(Bloomberg) — Pension giant AustralianSuper turned down a new approach to join a Brookfield Asset Management and EIG Global Energy Partners-led A$19.4 billion ($12.3 billion) takeover of utility Origin Energy Ltd.
The country’s largest pension fund, which is Origin’s biggest investor with 15.3% of shares, “rejected an 11th hour and unsolicited letter” from the private equity firms and “reaffirmed that it will be voting against” the proposed acquisition.
AustralianSuper has opposed the deal, arguing the price is well below the Sydney-based utility’s long-term value, and said Monday it’s prepared to provide capital to Origin as it moves its portfolio from fossil fuels to cleaner electricity generation.
Brookfield, which confirmed the contents of the letter, previously said it intends to spend as much as A$30 billion over 10 years to accelerate the utility’s transition.
“We’re offering a clear pathway to a faster reduction of the company’s emissions and an acceleration of Australia’s net zero targets,” said Luke Edwards, Brookfield’s managing director, renewable power and transition. “A full decarbonization of Origin’s energy markets business can only be delivered in a private setting.”
Origin shares rose 1.5% in Sydney trading Monday to A$8.78. The Brookfield-led consortium has offered A$9.53 per share for the energy company.
A shareholder vote to decide the deal’s fate is scheduled for Nov. 23. AustralianSuper said earlier this month it has no interest in participating in the take-private as a co-investor or in engaging in talks with the consortium.

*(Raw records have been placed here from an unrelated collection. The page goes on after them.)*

lemma ghost_le_lt_trans: "ghost_le u v \<Longrightarrow> ghost_lt v w \<Longrightarrow> ghost_lt u w"
  unfolding ghost_lt_def using ghost_le_trans ghost_le_antisym by metis

lemma zero_ghost_lt: "g \<in> ghost \<Longrightarrow> ghost_lt 0 g"
  by (simp add: ghost_lt_def ghost_def)

lemma ghost_lt_nonzero: "ghost_lt u v \<Longrightarrow> v \<noteq> 0"
  unfolding ghost_lt_def by auto

lemma least_above_e_ghost:
  assumes "least_above_e c0"
  shows "c0 \<in> ghost" and "ghost_lt ee c0"
  using assms unfolding least_above_e_def ghost_lt_def by auto

text \<open>The cross term \<open>B\<close> is swallowed by any sum having \<open>T1\<close> and \<open>T2\<close> among its summands
  (lemma \<open>absorbable_add\<close>); the second disjunct is the boundary case of the discrete theorem.\<close>
definition absorbable :: "'a::comm_semiring_1 \<Rightarrow> 'a \<Rightarrow> 'a \<Rightarrow> bool" where
  "absorbable B T1 T2 \<longleftrightarrow> nu_le (B * B) (T1 * T2) \<or>
     (\<exists>c0. least_above_e c0 \<and> T1 \<in> eR \<and> T2 \<in> eR \<and> ee * (B * B) = c0 * (ee * (T1 * T2)))"

lemma absorbable_commute: "absorbable B T1 T2 \<longleftrightarrow> absorbable B T2 T1"
  unfolding absorbable_def by (auto simp: mult.commute)

section \<open>Quadratic pairs on the span of two vectors\<close>

lemma quadratic_form_smult:
  "quadratic_form smult q \<Longrightarrow> q (smult a x) = a^2 * q x"
  by (simp add: quadratic_form_def)

lemma symmetric_bilinear_span2:
  assumes "symmetric_bilinear smult b"
  shows "b (smult a x + smult c y) (smult a' x + smult c' y)
     = a * a' * b x x + a * c' * b x y + c * a' * b x y + c * c' * b y y"
proof -
  have sym: "\<And>u v. b u v = b v u" and add: "\<And>u u' v. b (u + u') v = b u v + b u' v"
    and smult: "\<And>a u v. b (smult a u) v = a * b u v"
    using assms unfolding symmetric_bilinear_def by auto
  have right: "\<And>z. b z (smult a' x + smult c' y) = a' * b x z + c' * b y z"
    using sym add smult by metis
  have "b (smult a x + smult c y) (smult a' x + smult c' y)
      = a * b x (smult a' x + smult c' y) + c * b y (smult a' x + smult c' y)"
    using add smult by simp
  also have "\<dots> = a * (a' * b x x + c' * b y x) + c * (a' * b x y + c' * b y y)"
    using right by simp
  finally show ?thesis
    using sym[of y x] by (simp add: distrib_left ac_simps)
qed

lemma companion_span2:
  assumes "quadratic_form smult q" and "companion smult q b"
  shows "q (smult a x + smult c y) = a^2 * q x + c^2 * q y + a * c * b x y"
proof -
  have "b (smult a x) (smult c y) = a * c * b x y"
    using assms(2) unfolding companion_def symmetric_bilinear_def by (metis mult.assoc mult.commute)
  then show ?thesis
    using assms quadratic_form_smult unfolding companion_def by metis
qed

lemma companion_line:
  assumes "semimodule smult" "quadratic_form smult q" "companion smult q b"
  shows "q (x + smult c y) = q x + c^2 * q y + c * b x y"
  using companion_span2[OF assms(2,3), of 1 x c y] assms(1) by (simp add: semimodule_def)

lemma rigid_at_imp_nu_rigid_at: "rigid_at smult q x y \<Longrightarrow> nu_rigid_at smult q x y"
  unfolding rigid_at_def nu_rigid_at_def by metis

locale supertropical_semiring =
  fixes T :: "'a::comm_semiring_1 itself"
  assumes supertropical: "supertropical T"
begin

lemma ee_add_ee: "ee + ee = (ee::'a)"
  and add_cases_nu_neq: "\<And>x y::'a. ee * x \<noteq> ee * y \<Longrightarrow> x + y = x \<or> x + y = y"
  and add_nu_eq: "\<And>x y::'a. ee * x = ee * y \<Longrightarrow> x + y = ee * y"
  using supertropical unfolding supertropical_def by auto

“The challenge facing the nation as we work toward net zero by 2050 is not a lack of capital but rather a shortage of good quality investment opportunities,” AustralianSuper, which manages about A$300 billion, said in its statement.
Australian rules require a minimum of 75% of participating shareholders to approve a takeover offer, meaning 15% opposition has usually proved sufficient to block a deal as typically not all retail investors will cast a ballot.
—With assistance from Amy Bainbridge.